There is a mess in my head and I happen to like it
април 14, 2014
dart and performance (a test journy in game land)
I have been playing with Dart and StageXL for 10 days now and I feel like there are thoughts to be shared. Part of this post is also an update to a thread in the StageXL group
The game is really simple clone of the flappy bird. The main idea is that the gameplay should be easy to implement and understandable in order to allow me to concentrate on the internals of the game and the rendering engine instead of toying too much with the game itself.
At one point I have noticed that the way the original game detects the collision of the bird on the trees is a naive one and often gives false negatives. I went on reading about what is possible and present currently in Dart and StageXL in this regard.
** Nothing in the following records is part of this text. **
(* Let $a=\{a_1,\dots,a_m\}$ be a set of positive rational numbers different from $1$. Then there exist integers $b_1,b_2,\dots$ (depending only on $a$ and the index, not on $t$) such that, as formal power series in $x$ with coefficients in $\mathbb{Q}[t]$, $$\sum_{n\ge 0}\chi_{\mathcal{A}_n(a)}(t)\frac{x^n}{n!}=\exp\Big[\sum_{n\ge 1}b_n(t-1)\frac{x^n}{n!}\Big].$$ Moreover, for fixed $m$ and $n$, the integer $b_n$ is the same for all multiplicatively independent sets $a$ of size $m$.
   Context: A set $\{a_1,\dots,a_m\}$ of positive rational numbers is multiplicatively independent if $a_1^{i_1}\cdots a_m^{i_m}=1$ with integers $i_1,\dots,i_m$ implies $i_1=\dots=i_m=0$. For a set $a=\{a_1,\dots,a_m\}$ of positive rational numbers different from $1$ and $n\ge 1$, $\mathcal{A}_n(a)$ denotes the hyperplane arrangement in $\mathbb{R}^n$ consisting of the hyperplanes $x_i=0$ ($1\le i\le n$), $x_i=x_j$ ($1\le i<j\le n$), and $x_i=a_rx_j$ ($1\le i\neq j\le n$, $1\le r\le m$); $\mathcal{A}_0(a)$ is the empty arrangement in $\mathbb{R}^0$, with characteristic polynomial $1$. For a finite arrangement $\mathcal{A}$ of affine hyperplanes in $\mathbb{R}^n$, the characteristic polynomial is $\chi_{\mathcal{A}}(t)=\sum_{\mathcal{B}}(-1)^{\#\mathcal{B}}t^{n-\operatorname{rank}(\mathcal{B})}$, the sum over subsets $\mathcal{B}\subseteq\mathcal{A}$ whose hyperplanes have nonempty common intersection, where $\operatorname{rank}(\mathcal{B})$ is the dimension of the span of the normal vectors of the hyperplanes in $\mathcal{B}$. *)

theory Defs
  imports "HOL-Analysis.Analysis" "HOL-Library.Function_Algebras"
    "HOL-Computational_Algebra.Formal_Power_Series"
    "HOL-Computational_Algebra.Polynomial"
begin

text \<open>Points of R^n are modelled as functions nat => real vanishing outside {0..<n}
  (coordinates are indexed 0..n-1 instead of 1..n).\<close>

definition Rn :: "nat \<Rightarrow> (nat \<Rightarrow> real) set" where
  "Rn n = {x. \<forall>i\<ge>n. x i = 0}"

definition dotn :: "nat \<Rightarrow> (nat \<Rightarrow> real) \<Rightarrow> (nat \<Rightarrow> real) \<Rightarrow> real" where
  "dotn n c x = (\<Sum>i<n. c i * x i)"

definition hyp :: "nat \<Rightarrow> (nat \<Rightarrow> real) \<Rightarrow> real \<Rightarrow> (nat \<Rightarrow> real) set" where
  "hyp n c d = {x \<in> Rn n. dotn n c x = d}"

definition vscale :: "real \<Rightarrow> (nat \<Rightarrow> real) \<Rightarrow> (nat \<Rightarrow> real)" where
  "vscale r f = (\<lambda>i. r * f i)"
(* Let $B=B(x^{(0)};R)\subset\mathbb R^n$, let $x^{(1)},\dots,x^{(n+1)}\in B$ be the vertices of a nondegenerate simplex $S$ with basic Lagrange polynomials $\lambda_j(x)=\sum_{i=1}^n l_{ij}x_i+l_{n+1,j}$, and let $P:C(B)\to\Pi_1(\mathbb R^n)$ be the interpolation projector with nodes $x^{(j)}$. Then $$\|P\|_B=\max_{f_j=\pm1}\Big[R\Big(\sum_{i=1}^n\Big(\sum_{j=1}^{n+1}f_jl_{ij}\Big)^2\Big)^{1/2}+\Big|\sum_{j=1}^{n+1}f_j\lambda_j(x^{(0)})\Big|\Big],$$ where the maximum is over all $(f_1,\dots,f_{n+1})\in\{-1,1\}^{n+1}$. In particular, if the center of gravity of $S$ coincides with $x^{(0)}$, then $\|P\|_B=\max_{f_j=\pm1}\big[R(\sum_{i=1}^n(\sum_{j=1}^{n+1}f_jl_{ij})^2)^{1/2}+\frac1{n+1}|\sum_{j=1}^{n+1}f_j|\big]$.
   Context: $B(x^{(0)};R)$ is the closed Euclidean ball of center $x^{(0)}$ and radius $R$. $C(\Omega)$ is the space of continuous real functions on $\Omega$ with the sup norm; $\Pi_1(\mathbb R^n)$ is the space of polynomials of degree $\le1$ in $n$ variables. The interpolation projector $P$ with nodes $x^{(j)}$ is defined by $Pf\in\Pi_1(\mathbb R^n)$, $Pf(x^{(j)})=f(x^{(j)})$, i.e. $Pf=\sum_j f(x^{(j)})\lambda_j$; $\|P\|_B$ is its operator norm on $C(B)$. The vertex matrix $A$ of $S$ has rows $(x^{(j)}_1,\dots,x^{(j)}_n,1)$, $A^{-1}=(l_{ij})$, and $\lambda_j(x)=\sum_i l_{ij}x_i+l_{n+1,j}$. *)

theory Defs
  imports "HOL-Analysis.Analysis" "HOL-Library.FuncSet"
begin

text \<open>Affine function x \<mapsto> a \<bullet> x + b (a polynomial of degree at most 1 on R^n);
  the coefficients of a are the l_{ij}, i = 1..n, and b is l_{n+1,j}.\<close>
definition aff :: "real^'n \<Rightarrow> real \<Rightarrow> real^'n \<Rightarrow> real" where
  "aff a b y = a \<bullet> y + b"

definition is_lagrange_basis ::
  "nat \<Rightarrow> (nat \<Rightarrow> real^'n) \<Rightarrow> (nat \<Rightarrow> real^'n) \<Rightarrow> (nat \<Rightarrow> real) \<Rightarrow> bool" where
  "is_lagrange_basis N x a b \<longleftrightarrow>
     (\<forall>j\<in>{1..N+1}. \<forall>k\<in>{1..N+1}. aff (a j) (b j) (x k) = (if j = k then 1 else 0))"

definition interp_proj ::
  "nat \<Rightarrow> (nat \<Rightarrow> real^'n) \<Rightarrow> (nat \<Rightarrow> real^'n) \<Rightarrow> (nat \<Rightarrow> real) \<Rightarrow> (real^'n \<Rightarrow> real) \<Rightarrow> real^'n \<Rightarrow> real" where
  "interp_proj N x a b f y = (\<Sum>j=1..N+1. f (x j) * aff (a j) (b j) y)"

definition proj_norm ::
  "(real^'n) set \<Rightarrow> nat \<Rightarrow> (nat \<Rightarrow> real^'n) \<Rightarrow> (nat \<Rightarrow> real^'n) \<Rightarrow> (nat \<Rightarrow> real) \<Rightarrow> real" where
  "proj_norm K N x a b =
     (SUP f \<in> {f. continuous_on K f \<and> (\<forall>y\<in>K. \<bar>f y\<bar> \<le> 1)}.
        SUP y \<in> K. \<bar>interp_proj N x a b f y\<bar>)"

end

theory Submission
  imports Defs
begin

text \<open>
  Choosing signs \<open>f\<^sub>j = sgn \<lambda>\<^sub>j(y)\<close> shows that the Lebesgue function \<open>\<Sum>\<^sub>j |\<lambda>\<^sub>j(y)|\<close> is the
  maximum over sign vectors \<open>f\<close> of the affine functions \<open>\<Sum>\<^sub>j f\<^sub>j \<lambda>\<^sub>j(y) = c\<^sub>f \<bullet> y + d\<^sub>f\<close>.
  On the ball each of these attains its maximum \<open>R |c\<^sub>f| + c\<^sub>f \<bullet> x\<^sub>0 + d\<^sub>f\<close> in the direction
  of \<open>c\<^sub>f\<close>; as \<open>f\<close> and \<open>-f\<close> give the same \<open>|c\<^sub>f|\<close>, the value at the centre may be taken in
  absolute value. The norm of an interpolation projector on \<open>C(B)\<close> is the maximum of its
  Lebesgue function: the bound is immediate, and it is attained by a Tietze extension of the
  maximising sign pattern at the nodes to a continuous function of norm 1. At the centroid
  every \<open>\<lambda>\<^sub>j\<close> takes the value \<open>1/(n+1)\<close>.
\<close>

lemma inner_le_on_cball:
  fixes c x0 y :: "'a::real_inner"
  assumes "y \<in> cball x0 r"
  shows "c \<bullet> y \<le> c \<bullet> x0 + r * norm c"
proof -
  have "c \<bullet> (y - x0) \<le> norm c * norm (y - x0)" by (rule norm_cauchy_schwarz)
  also have "\<dots> \<le> norm c * r"
    using assms by (intro mult_left_mono) (auto simp: dist_norm norm_minus_commute)
  finally show ?thesis by (simp add: inner_diff_right algebra_simps)
qed

lemma inner_attains_on_cball:
  fixes c x0 :: "'a::real_inner"
  assumes "0 \<le> r"
  obtains y where "y \<in> cball x0 r" "c \<bullet> y = c \<bullet> x0 + r * norm c"
proof (cases "c = 0")
  case True
  with assms show ?thesis by (intro that[of x0]) auto
next
  case False
  let ?y = "x0 + (r / norm c) *\<^sub>R c"
  have "c \<bullet> ?y = c \<bullet> x0 + r * norm c"
    using False by (simp add: inner_add_right power2_norm_eq_inner[symmetric] power2_eq_square)
  with assms False show ?thesis by (intro that[of ?y]) (auto simp: dist_norm)
qed

lemma weighted_sum_le_sum_abs:
  fixes f w :: "'i \<Rightarrow> real"
  assumes "\<forall>j\<in>I. \<bar>f j\<bar> \<le> 1"
  shows "(\<Sum>j\<in>I. f j * w j) \<le> (\<Sum>j\<in>I. \<bar>w j\<bar>)"
proof (rule sum_mono)
  fix j assume "j \<in> I"
  then have "\<bar>f j\<bar> * \<bar>w j\<bar> \<le> \<bar>w j\<bar>" using assms by (simp add: mult_left_le_one_le)
  then show "f j * w j \<le> \<bar>w j\<bar>" by (metis abs_ge_self abs_mult order_trans)
qed

lemma sum_abs_eq_sign_sum:
  obtains f where "f \<in> PiE I (\<lambda>_. {-1, 1::real})" "(\<Sum>j\<in>I. \<bar>w j\<bar>) = (\<Sum>j\<in>I. f j * w j)"
proof
  let ?f = "\<lambda>j\<in>I. if 0 \<le> w j then 1 else -1::real"
  show "?f \<in> PiE I (\<lambda>_. {-1, 1})" by auto
  show "(\<Sum>j\<in>I. \<bar>w j\<bar>) = (\<Sum>j\<in>I. ?f j * w j)" by (rule sum.cong) auto
qed

lemma continuous_extension_of_node_values:
  fixes x :: "'i \<Rightarrow> 'a::{metric_space,second_countable_topology}"
  assumes "finite I" "inj_on x I" "x ` I \<subseteq> K" "\<forall>j\<in>I. \<bar>v j\<bar> \<le> 1"
  obtains g :: "'a \<Rightarrow> real"
    where "continuous_on K g" "\<forall>y\<in>K. \<bar>g y\<bar> \<le> 1" "\<forall>j\<in>I. g (x j) = v j"
proof -
  let ?h = "\<lambda>z. v (inv_into I x z)"
  have "continuous_on (x ` I) ?h" using assms(1) by (intro continuous_on_finite) simp
  moreover have "closedin (top_of_set K) (x ` I)"
    using assms(1,3) by (intro closed_subset finite_imp_closed) auto
  moreover have "norm (?h z) \<le> 1" if "z \<in> x ` I" for z
    using that assms(2,4) by auto
  ultimately obtain g where "continuous_on K g" "\<And>z. z \<in> x ` I \<Longrightarrow> g z = ?h z"
      "\<And>z. z \<in> K \<Longrightarrow> norm (g z) \<le> 1"
    using Tietze[of "x ` I" ?h K 1] by auto
  with assms(2) show ?thesis by (intro that) auto
qed

lemma interpolation_operator_norm_eq_Lebesgue_max:
  fixes x :: "'i \<Rightarrow> 'a::{metric_space,second_countable_topology}" and L :: "'i \<Rightarrow> 'a \<Rightarrow> real"
  assumes I: "finite I" "inj_on x I" "x ` I \<subseteq> K"
    and upper: "\<And>y. y \<in> K \<Longrightarrow> (\<Sum>j\<in>I. \<bar>L j y\<bar>) \<le> M"
    and attained: "y0 \<in> K" "M \<le> (\<Sum>j\<in>I. \<bar>L j y0\<bar>)"
  shows "(SUP g \<in> {g. continuous_on K g \<and> (\<forall>y\<in>K. \<bar>g y\<bar> \<le> 1)}.
            SUP y \<in> K. \<bar>\<Sum>j\<in>I. g (x j) * L j y\<bar>) = M"
    (is "(SUP g \<in> ?G. SUP y \<in> K. ?P g y) = M")
proof -
  have bound: "?P g y \<le> M" if "g \<in> ?G" "y \<in> K" for g y
  proof -
    have "?P g y \<le> (\<Sum>j\<in>I. \<bar>g (x j) * L j y\<bar>)"
      by (rule sum_abs)
    also have "\<dots> \<le> (\<Sum>j\<in>I. \<bar>L j y\<bar>)"
      using that I(3) by (intro sum_mono) (auto simp: abs_mult intro!: mult_left_le_one_le)
    finally show ?thesis using upper[OF that(2)] by linarith
  qed
  then have SUP_bound: "(SUP y \<in> K. ?P g y) \<le> M" if "g \<in> ?G" for g
    using attained(1) that by (intro cSUP_least) auto
  obtain f where f_signs: "f \<in> PiE I (\<lambda>_. {-1, 1::real})"
    and f: "(\<Sum>j\<in>I. \<bar>L j y0\<bar>) = (\<Sum>j\<in>I. f j * L j y0)"
    by (rule sum_abs_eq_sign_sum)
  from f_signs have "\<forall>j\<in>I. \<bar>f j\<bar> \<le> 1" by (auto simp: PiE_iff)
  then obtain g where "continuous_on K g" "\<forall>y\<in>K. \<bar>g y\<bar> \<le> 1" and gx: "\<forall>j\<in>I. g (x j) = f j"
    by (rule continuous_extension_of_node_values[OF I])
  then have g: "g \<in> ?G" by simp
  have "M \<le> ?P g y0"
    using attained(2) f gx by simp
  also have "\<dots> \<le> (SUP y \<in> K. ?P g y)"
    using bound[OF g] by (intro cSUP_upper[OF attained(1)] bdd_aboveI2)
  also have "\<dots> \<le> (SUP g \<in> ?G. SUP y \<in> K. ?P g y)"
    using SUP_bound by (intro cSUP_upper[OF g] bdd_aboveI2)
  finally have "M \<le> (SUP g \<in> ?G. SUP y \<in> K. ?P g y)" .
  moreover have "(SUP g \<in> ?G. SUP y \<in> K. ?P g y) \<le> M"
    by (rule cSUP_least) (use g SUP_bound in blast)+
  ultimately show ?thesis by (rule antisym[rotated])
qed

lemma aff_linear_combination:
  "(\<Sum>j\<in>I. f j * aff (a j) (b j) y) = aff (\<Sum>j\<in>I. f j *\<^sub>R a j) (\<Sum>j\<in>I. f j * b j) y"
  by (simp add: aff_def inner_sum_left sum.distrib distrib_left mult.commute)

lemma aff_affine_combination:
  assumes "sum u K = 1"
  shows "aff c d (\<Sum>k\<in>K. u k *\<^sub>R x k) = (\<Sum>k\<in>K. u k * aff c d (x k))"
  by (simp add: aff_def inner_sum_right distrib_left sum.distrib assms flip: sum_distrib_right)

lemma Lebesgue_function_aff_le_Max:
  fixes a :: "nat \<Rightarrow> real^'n" and b :: "nat \<Rightarrow> real" and x0 :: "real^'n" and R :: real and I :: "nat set"
  defines "V \<equiv> \<lambda>f. R * norm (\<Sum>j\<in>I. f j *\<^sub>R a j) + \<bar>\<Sum>j\<in>I. f j * aff (a j) (b j) x0\<bar>"
  assumes "finite I" "y \<in> cball x0 R"
  shows "(\<Sum>j\<in>I. \<bar>aff (a j) (b j) y\<bar>) \<le> Max (V ` PiE I (\<lambda>_. {-1, 1}))"
proof -
  obtain f where f: "f \<in> PiE I (\<lambda>_. {-1, 1::real})"
    and abs_eq: "(\<Sum>j\<in>I. \<bar>aff (a j) (b j) y\<bar>) = (\<Sum>j\<in>I. f j * aff (a j) (b j) y)"
    by (rule sum_abs_eq_sign_sum)
  note abs_eq
  also have "\<dots> \<le> V f"
    using inner_le_on_cball[OF assms(3), of "\<Sum>j\<in>I. f j *\<^sub>R a j"]
    unfolding V_def aff_linear_combination unfolding aff_def by linarith
  also have "\<dots> \<le> Max (V ` PiE I (\<lambda>_. {-1, 1}))"
    using f assms(2) by (intro Max_ge finite_imageI finite_PiE imageI) auto
  finally show ?thesis .
qed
Turns out only very basic approach is available internally as StageXL is geared as animation library and not as a game development framework. Never the less this allowed me to play a bit more with the language itself.
For collision detection I have utilized the following approach:
Using the DisplayObject.hitTestObject find element(s) that are potentially colliding (in the test game I developed it could be only one out of ~ 10).
Determine the rectangle where the transformed protagonist will fit.
Using detached canvas element, clear it and draw the transformed image of the protagonist.
Using detached canvas element, clear it and draw the potentially colliding element.
The 2 canvases used are just big enough to contain the protagonist image.
Compare the non-alpha pixels of the protagonist canvas to the colliding element canvas and there is a pixel where alpha is greater than 0 we want to return true (i.e. there is a collision).
Here are the results of this little experiment.
On PC and DartVM this runs so smooth, one would think why people are not using it all the time. The average time to run the code per frame with complete pixel accurate collision is ~0.35ms (with time limit of ~16ms this is pretty good I think).
Compiled to JS it runs at about twice as slow, the frame taking about 0.78ms still pretty good. This is kind of strange since the code is mainly touching webGL, canvas and arithmetics. Canvas and webGL are DOM interfaces and thus there should be no difference, so the only possible place of optimization / speed is the arithmetics (at least this is what I initially thought). I am not an expert in VMs, but having a VM that can run at least twice as fast the calculations is awesome!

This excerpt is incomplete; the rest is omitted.